Collection entries
lemma taylor_remainder_quotient_tendsto:
  fixes D :: "nat \<Rightarrow> real \<Rightarrow> real"
  assumes ab: "a < b" and diff: "n_times_differentiable_on (Suc m) D {a..b}"
  shows "((\<lambda>y. (D 0 a - taylor_poly D m y a) / (a - y) ^ Suc m) \<longlongrightarrow> D (Suc m) a / fact (Suc m))
           (at_right a)"
proof -
  obtain p where p_deriv: "\<And>k x S. (p k has_real_derivative p (Suc k) x) (at x within S)"
    and p_at_centre: "\<And>k. k \<le> Suc m \<Longrightarrow> p k a = D k a"
    and poly_expansion: "\<And>y. taylor_poly p m y a = D 0 a - D (Suc m) a / fact (Suc m) * (a - y) ^ Suc m"
    using polynomial_jet_exists by blast
  define r where "r k = (\<lambda>x. D k x - p k x)" for k
  have r_lim: "((\<lambda>y. r k y / (a - y) ^ (Suc m - k)) \<longlongrightarrow> 0) (at_right a)" if "k \<le> m" for k
  proof -
    have "n_times_differentiable_on (Suc m - k) (\<lambda>j. r (k + j)) {a..b}"
      using n_times_differentiable_on_shift[OF diff, of k] that p_deriv
      by (auto simp: n_times_differentiable_on_def r_def intro!: DERIV_diff)
    moreover have "\<forall>j\<le>Suc m - k. r (k + j) a = 0"
      using that by (simp add: r_def p_at_centre)
    ultimately show ?thesis
      using tendsto_zero_div_power_if_derivs_vanish[OF ab, of "Suc m - k" "\<lambda>j. r (k + j)"] that
      by simp
  qed
  have split: "(D 0 a - taylor_poly D m y a) / (a - y) ^ Suc m
      = D (Suc m) a / fact (Suc m) - (\<Sum>k\<le>m. r k y / (a - y) ^ (Suc m - k) / fact k)"
    if "a < y" for y
  proof -
    have "taylor_poly D m y a = taylor_poly p m y a + taylor_poly r m y a"
      using taylor_poly_diff[of D p m y a] by (simp add: r_def[abs_def])
    moreover have "taylor_poly r m y a / (a - y) ^ Suc m
        = (\<Sum>k\<le>m. r k y / (a - y) ^ (Suc m - k) / fact k)"
      using taylor_poly_div_power[of a y r m] that by simp
    ultimately show ?thesis
      using that by (simp add: poly_expansion diff_divide_distrib)
  qed
  have "((\<lambda>y. D (Suc m) a / fact (Suc m) - (\<Sum>k\<le>m. r k y / (a - y) ^ (Suc m - k) / fact k))
      \<longlongrightarrow> D (Suc m) a / fact (Suc m) - (\<Sum>k\<le>m. 0 / fact k)) (at_right a)"
    by (intro tendsto_intros tendsto_sum r_lim) auto
  then have "((\<lambda>y. D (Suc m) a / fact (Suc m) - (\<Sum>k\<le>m. r k y / (a - y) ^ (Suc m - k) / fact k))
      \<longlongrightarrow> D (Suc m) a / fact (Suc m)) (at_right a)"
    by simp
  moreover have "\<forall>\<^sub>F y in at_right a.
      D (Suc m) a / fact (Suc m) - (\<Sum>k\<le>m. r k y / (a - y) ^ (Suc m - k) / fact k)
        = (D 0 a - taylor_poly D m y a) / (a - y) ^ Suc m"
    using eventually_at_right_less[of a] by (rule eventually_mono) (rule split[symmetric])
  ultimately show ?thesis
    by (rule Lim_transform_eventually)
qed
lemma leibniz_PP_PP:
  assumes a: "a = P * a * P" and b: "b = P * b * P"
  shows "d (a * b) = d a * b + a * d b"
proof -
  have "P * (a * b) * P = (P * a) * (b * P)" by (simp add: mult.assoc)
  then have ab: "a * b = P * (a * b) * P"
    using corner_left_absorb[OF a] corner_right_absorb[OF b] by simp
  have d_corner: "d x = P * d x * P" if "x = P * x * P" for x
    using d_PP_corner[of x] unfolding that[symmetric] .
  have leibniz_x: "d (z * x) = d z * x + z * d x" if "z = P * z * P" "x = P * x * Q" for z x
    using leibniz_PP_PQ[of z x] unfolding that[symmetric] .
  obtain m where m: "d (a * b) = P * m * P" using d_corner[OF ab] by blast
  obtain a' where a': "d a = P * a' * P" using d_corner[OF a] by blast
  obtain b' where b': "d b = P * b' * P" using d_corner[OF b] by blast
  define c where "c = d (a * b) - d a * b - a * d b"
  have cP: "c = c * P"
    unfolding c_def m a' b' using corner_right_absorb[OF b] by (simp add: algebra_simps)
  have "c = 0"
  proof (rule prime_zero_Q)
    fix X
    define x where "x = P * X * Q"
    have x: "x = P * x * Q" by (simp add: x_def mult.assoc)
    have "P * (b * x) * Q = (P * b) * (x * Q)" by (simp add: mult.assoc)
    then have bx: "b * x = P * (b * x) * Q"
      using corner_left_absorb[OF b] corner_right_absorb[OF x] by simp
    have "d (a * b) * x = d a * (b * x) + a * d (b * x) - a * b * d x"
      using leibniz_x[OF ab x] leibniz_x[OF a bx] by (simp add: mult.assoc eq_diff_eq)
    also have "\<dots> = d a * b * x + a * d b * x"
      unfolding leibniz_x[OF b x] by (simp add: algebra_simps)
    finally have "c * x = 0" unfolding c_def by (simp add: algebra_simps)
    have "c * X * Q = c * P * X * Q" using cP by simp
    also have "\<dots> = c * x" by (simp add: x_def mult.assoc)
    finally show "c * X * Q = 0" using \<open>c * x = 0\<close> by simp
  qed
  then show ?thesis unfolding c_def by (simp add: diff_eq_eq add.commute)
qed

lemma d_one: "d 1 = 0"
  using d_add[of P Q] d_P d_Q P_plus_Q by simp

lemma d_idempotent:
  assumes "E * E = E"
  shows "d E = d E * E + E * d E"
proof -
  have "E * (1 - E) = 0" "(1 - E) * E = 0" using assms by (simp_all add: algebra_simps)
  then have h: "d E * (1 - E) + (1 - E) * d E + (E * - d E + - d E * E) = 0"
    using zero_product[of E "1 - E"] d_one by (simp add: d_diff)
  have "d E * (1 - E) + (1 - E) * d E + (E * - d E + - d E * E)
      = (d E - d E * E - E * d E) + (d E - d E * E - E * d E)"
    by (simp add: algebra_simps)
  with h have "d E - d E * E - E * d E = 0" using double_eq_zero by metis
  then show ?thesis by (simp add: algebra_simps)
qed
theorem mainTheorem11:
  fixes A B :: "'k::field_char_0 poly" and n d :: nat and P :: "'k \<times> 'k"
  assumes "alg_closed TYPE('k)"
    and "n \<ge> 1" and "d \<ge> 2"
    and "is_endo d A B"
    and "P \<noteq> (0,0)"
  shows "improper_irred n (sym_img n (fmap d A B)) (hyperplane_at n P)
         \<longleftrightarrow> preperiodic (fmap d A B) P"
  using improper_hyperplane_imp_preperiodic[OF is_endo_proj_map assms(5)]
    preperiodic_imp_improper_hyperplane[OF is_endo_proj_map assms(5,2)] assms(4) by blast

end
lemma base_label_step:
  assumes "\<sigma> mod int y \<noteq> 0" "sh \<in> set all_shapes"
  shows "\<exists>x \<in> base_arcs. base_label x = (Step (\<sigma> mod int y), sh)"
proof -
  obtain l where l: "l \<in> set (arc_labels as R)" "snd l = sh"
    using reg_shape_exists[OF assms(2)] by blast
  obtain \<delta> where \<delta>: "fst l = Step \<delta>" "coprime \<delta> (int y)" using reg_label_step[OF l(1)] by blast
  obtain r where r: "0 < r" "r < y" "(\<delta> * int r) mod int y = \<sigma> mod int y"
    using mult_mod_solvable[OF \<delta>(2) y_pos assms(1)] by blast
  have "l \<in> set (arc_labels as (level r))" using l(1) reg_labels_in_level by blast
  then obtain n a b where
    nab: "(n, a, b) \<in> set (arc_indices as (level r))" "block_label (level r) (n, a, b) = l"
    by (rule arc_labelsE)
  have "(r, n, a, b) \<in> base_arcs" using nab r unfolding base_arcs_def by simp
  moreover have "base_label (r, n, a, b) = (Step (\<sigma> mod int y), sh)"
    using nab \<delta> l(2) r(3) unfolding base_label_def by (simp add: Let_def)
  ultimately show ?thesis by blast
qed

lemma base_label_covers:
  assumes e: "(v, w) \<in> arcs (K_minus n_groups)"
  shows "\<exists>x \<in> base_arcs. base_label x = arc_label y (v, w)"
proof -
  define g g' where "g = fst v div 2" and "g' = fst w div 2"
  define sh where "sh = (fst v mod 2, fst w mod 2, (int (snd w) - int (snd v)) mod 7)"
  have K: "g < n_groups" "g' < n_groups" "g \<noteq> g'"
    using e unfolding arcs_K_minus verts_K_minus g_def g'_def by auto
  have sh: "sh \<in> set all_shapes" unfolding sh_def by (rule all_shapes_complete) simp_all
  have label: "arc_label y (v, w) = (group_kind y g g', sh)"
    unfolding arc_label_def g_def g'_def sh_def by simp
  consider "g = y" | "g \<noteq> y" "g' = y" | "g \<noteq> y" "g' \<noteq> y" by blast
  then show ?thesis
  proof cases
    case 1
    then have "with_infty" using K unfolding n_groups_def by (auto split: if_splits)
    then show ?thesis
      using base_label_infty[of Out, OF _ _ sh] 1 label by (simp add: group_kind_def)
  next
    case 2
    then have "with_infty" using K unfolding n_groups_def by (auto split: if_splits)
    then show ?thesis
      using base_label_infty[of In, OF _ _ sh] 2 label by (simp add: group_kind_def)
  next
    case 3
    then have "g < y" "g' < y" using K unfolding n_groups_def by (auto split: if_splits)
    then have "(int g' - int g) mod int y \<noteq> 0" using diff_mod_nonzero K(3) by simp
    then show ?thesis using base_label_step[OF _ sh] 3 label by (simp add: group_kind_def)
  qed
qed

lemma piece_arcs:
  "e \<in> arcs (piece (r, n, u, t)) \<longleftrightarrow>
    (\<exists>a b. (a, b) \<in> set as \<and>
      e = (place y r u t (level r ! n ! a), place y r u t (level r ! n ! b)))"
  by (auto simp: piece_def image_digraph_def pattern_def arcs_def)

lemma piece_arc_label:
  assumes "n < length (level r)" "(a, b) \<in> set as"
  shows "arc_label y (place y r u t (level r ! n ! a), place y r u t (level r ! n ! b))
    = base_label (r, n, a, b)"
proof -
  have "(n, a, b) \<in> set (arc_indices as (level r))" using assms unfolding set_arc_indices by simp
  then show ?thesis
    using arc_label_place[OF y_pos] level_point_ok level_no_infty_arc assms arcs_less
    unfolding base_label_eq by blast
qed

lemma place_in_verts:
  assumes "n < length (level r)" "k < 7"
  shows "place y r u t (level r ! n ! k) \<in> verts (K_minus n_groups)"
proof -
  let ?p = "level r ! n ! k"
  have ok: "side ?p < 2" using level_point_ok[OF assms] by (cases ?p) auto
  have "point_group y r u ?p < n_groups"
  proof (cases "is_infty ?p")
    case True
    then have "with_infty" using level_infty[OF assms(1) True assms(2)] by blast
    then have "n_groups = y + 1" unfolding n_groups_def by simp
    then show ?thesis using point_group_infty[OF True] by simp
  next
    case False
    have "y \<le> n_groups" unfolding n_groups_def by simp
    then show ?thesis using point_group_less[OF y_pos False] by (meson less_le_trans)
  qed
  then show ?thesis using ok unfolding verts_K_minus place_def by auto
qed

→ **What you need to do**:
Using the records given above, list every line that includes the word "longleftrightarrow".

→ **Problem solution**:
         \<longleftrightarrow> preperiodic (fmap d A B) P"
  "e \<in> arcs (piece (r, n, u, t)) \<longleftrightarrow>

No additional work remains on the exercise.